• What the task requires
Below are some records. Return exactly the lines from the one containing "define X where" through the one containing "by (simp add: sum.distrib", both included, and only those.
=== Section Start ===
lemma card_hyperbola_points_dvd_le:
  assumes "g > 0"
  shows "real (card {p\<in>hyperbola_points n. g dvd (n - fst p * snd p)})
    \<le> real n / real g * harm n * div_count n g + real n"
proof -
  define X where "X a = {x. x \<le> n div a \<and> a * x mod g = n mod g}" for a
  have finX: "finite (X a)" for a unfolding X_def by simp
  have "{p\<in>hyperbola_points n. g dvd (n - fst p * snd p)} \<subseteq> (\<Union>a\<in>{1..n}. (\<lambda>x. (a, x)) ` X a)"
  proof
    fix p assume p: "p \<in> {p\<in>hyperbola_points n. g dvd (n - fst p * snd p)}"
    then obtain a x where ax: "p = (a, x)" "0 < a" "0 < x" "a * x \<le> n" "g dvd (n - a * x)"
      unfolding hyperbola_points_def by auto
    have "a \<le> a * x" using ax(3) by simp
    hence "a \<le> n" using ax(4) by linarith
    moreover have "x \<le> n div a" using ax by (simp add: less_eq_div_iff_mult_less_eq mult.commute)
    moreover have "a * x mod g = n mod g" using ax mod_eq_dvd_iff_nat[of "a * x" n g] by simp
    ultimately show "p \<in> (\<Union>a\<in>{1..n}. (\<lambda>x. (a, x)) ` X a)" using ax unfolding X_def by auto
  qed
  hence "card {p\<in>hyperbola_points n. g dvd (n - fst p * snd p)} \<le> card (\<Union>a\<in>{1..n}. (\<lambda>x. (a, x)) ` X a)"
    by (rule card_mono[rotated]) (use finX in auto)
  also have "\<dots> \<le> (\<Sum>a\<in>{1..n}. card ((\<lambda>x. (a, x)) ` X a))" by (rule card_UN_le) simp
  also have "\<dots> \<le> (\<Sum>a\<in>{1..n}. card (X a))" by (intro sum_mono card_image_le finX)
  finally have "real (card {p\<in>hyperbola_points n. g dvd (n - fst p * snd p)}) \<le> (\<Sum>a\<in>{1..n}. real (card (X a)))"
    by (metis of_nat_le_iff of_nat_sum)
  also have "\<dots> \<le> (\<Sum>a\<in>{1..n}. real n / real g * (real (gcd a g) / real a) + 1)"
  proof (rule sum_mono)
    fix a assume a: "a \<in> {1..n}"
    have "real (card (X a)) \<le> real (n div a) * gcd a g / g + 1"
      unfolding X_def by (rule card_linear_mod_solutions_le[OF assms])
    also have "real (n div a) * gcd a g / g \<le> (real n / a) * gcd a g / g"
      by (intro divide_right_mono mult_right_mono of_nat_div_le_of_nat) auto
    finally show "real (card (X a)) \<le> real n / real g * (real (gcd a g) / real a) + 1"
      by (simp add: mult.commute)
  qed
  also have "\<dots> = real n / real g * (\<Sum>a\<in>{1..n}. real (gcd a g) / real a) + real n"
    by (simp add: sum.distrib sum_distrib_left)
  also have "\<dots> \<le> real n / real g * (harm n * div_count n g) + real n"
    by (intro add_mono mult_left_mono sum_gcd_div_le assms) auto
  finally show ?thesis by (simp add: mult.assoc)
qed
=== Section End ===
=== Section Start ===
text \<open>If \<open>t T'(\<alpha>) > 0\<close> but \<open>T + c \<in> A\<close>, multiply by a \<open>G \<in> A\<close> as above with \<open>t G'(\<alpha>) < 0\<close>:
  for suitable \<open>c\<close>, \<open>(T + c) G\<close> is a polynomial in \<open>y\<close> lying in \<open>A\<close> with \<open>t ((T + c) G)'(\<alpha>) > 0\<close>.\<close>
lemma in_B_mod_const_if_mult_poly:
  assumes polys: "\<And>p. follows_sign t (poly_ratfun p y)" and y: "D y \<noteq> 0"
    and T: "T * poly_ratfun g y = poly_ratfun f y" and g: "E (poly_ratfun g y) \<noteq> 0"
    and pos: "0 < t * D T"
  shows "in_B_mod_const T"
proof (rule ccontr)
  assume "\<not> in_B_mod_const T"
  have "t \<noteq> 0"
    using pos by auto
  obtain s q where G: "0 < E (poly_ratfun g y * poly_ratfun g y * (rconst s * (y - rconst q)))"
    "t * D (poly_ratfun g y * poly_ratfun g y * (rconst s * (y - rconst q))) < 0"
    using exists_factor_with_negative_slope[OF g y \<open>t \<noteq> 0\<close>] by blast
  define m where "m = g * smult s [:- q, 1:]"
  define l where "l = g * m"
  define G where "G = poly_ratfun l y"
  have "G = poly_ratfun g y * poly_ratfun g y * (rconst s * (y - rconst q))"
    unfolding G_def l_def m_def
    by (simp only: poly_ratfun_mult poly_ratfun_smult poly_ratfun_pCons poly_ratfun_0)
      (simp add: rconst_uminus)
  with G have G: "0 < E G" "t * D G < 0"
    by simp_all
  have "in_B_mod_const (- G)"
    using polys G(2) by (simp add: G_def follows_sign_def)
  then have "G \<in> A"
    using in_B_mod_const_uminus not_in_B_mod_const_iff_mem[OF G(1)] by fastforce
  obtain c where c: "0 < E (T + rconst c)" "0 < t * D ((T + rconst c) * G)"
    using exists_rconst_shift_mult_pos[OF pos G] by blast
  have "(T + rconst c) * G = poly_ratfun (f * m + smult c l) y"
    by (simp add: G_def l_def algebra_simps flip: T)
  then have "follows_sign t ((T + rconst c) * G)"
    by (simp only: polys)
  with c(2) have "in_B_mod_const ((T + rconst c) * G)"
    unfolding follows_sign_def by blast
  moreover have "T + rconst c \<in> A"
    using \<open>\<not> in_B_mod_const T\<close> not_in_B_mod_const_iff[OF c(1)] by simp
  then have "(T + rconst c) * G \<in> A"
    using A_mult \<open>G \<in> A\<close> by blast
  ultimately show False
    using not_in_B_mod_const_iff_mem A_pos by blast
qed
=== Section End ===
• Exercise solution
  define X where "X a = {x. x \<le> n div a \<and> a * x mod g = n mod g}" for a
  have finX: "finite (X a)" for a unfolding X_def by simp
  have "{p\<in>hyperbola_points n. g dvd (n - fst p * snd p)} \<subseteq> (\<Union>a\<in>{1..n}. (\<lambda>x. (a, x)) ` X a)"
  proof
    fix p assume p: "p \<in> {p\<in>hyperbola_points n. g dvd (n - fst p * snd p)}"
    then obtain a x where ax: "p = (a, x)" "0 < a" "0 < x" "a * x \<le> n" "g dvd (n - a * x)"
      unfolding hyperbola_points_def by auto
    have "a \<le> a * x" using ax(3) by simp
    hence "a \<le> n" using ax(4) by linarith
    moreover have "x \<le> n div a" using ax by (simp add: less_eq_div_iff_mult_less_eq mult.commute)
    moreover have "a * x mod g = n mod g" using ax mod_eq_dvd_iff_nat[of "a * x" n g] by simp
    ultimately show "p \<in> (\<Union>a\<in>{1..n}. (\<lambda>x. (a, x)) ` X a)" using ax unfolding X_def by auto
  qed
  hence "card {p\<in>hyperbola_points n. g dvd (n - fst p * snd p)} \<le> card (\<Union>a\<in>{1..n}. (\<lambda>x. (a, x)) ` X a)"
    by (rule card_mono[rotated]) (use finX in auto)
  also have "\<dots> \<le> (\<Sum>a\<in>{1..n}. card ((\<lambda>x. (a, x)) ` X a))" by (rule card_UN_le) simp
  also have "\<dots> \<le> (\<Sum>a\<in>{1..n}. card (X a))" by (intro sum_mono card_image_le finX)
  finally have "real (card {p\<in>hyperbola_points n. g dvd (n - fst p * snd p)}) \<le> (\<Sum>a\<in>{1..n}. real (card (X a)))"
    by (metis of_nat_le_iff of_nat_sum)
  also have "\<dots> \<le> (\<Sum>a\<in>{1..n}. real n / real g * (real (gcd a g) / real a) + 1)"
  proof (rule sum_mono)
    fix a assume a: "a \<in> {1..n}"
    have "real (card (X a)) \<le> real (n div a) * gcd a g / g + 1"
      unfolding X_def by (rule card_linear_mod_solutions_le[OF assms])
    also have "real (n div a) * gcd a g / g \<le> (real n / a) * gcd a g / g"
      by (intro divide_right_mono mult_right_mono of_nat_div_le_of_nat) auto
    finally show "real (card (X a)) \<le> real n / real g * (real (gcd a g) / real a) + 1"
      by (simp add: mult.commute)
  qed
  also have "\<dots> = real n / real g * (\<Sum>a\<in>{1..n}. real (gcd a g) / real a) + real n"
    by (simp add: sum.distrib sum_distrib_left)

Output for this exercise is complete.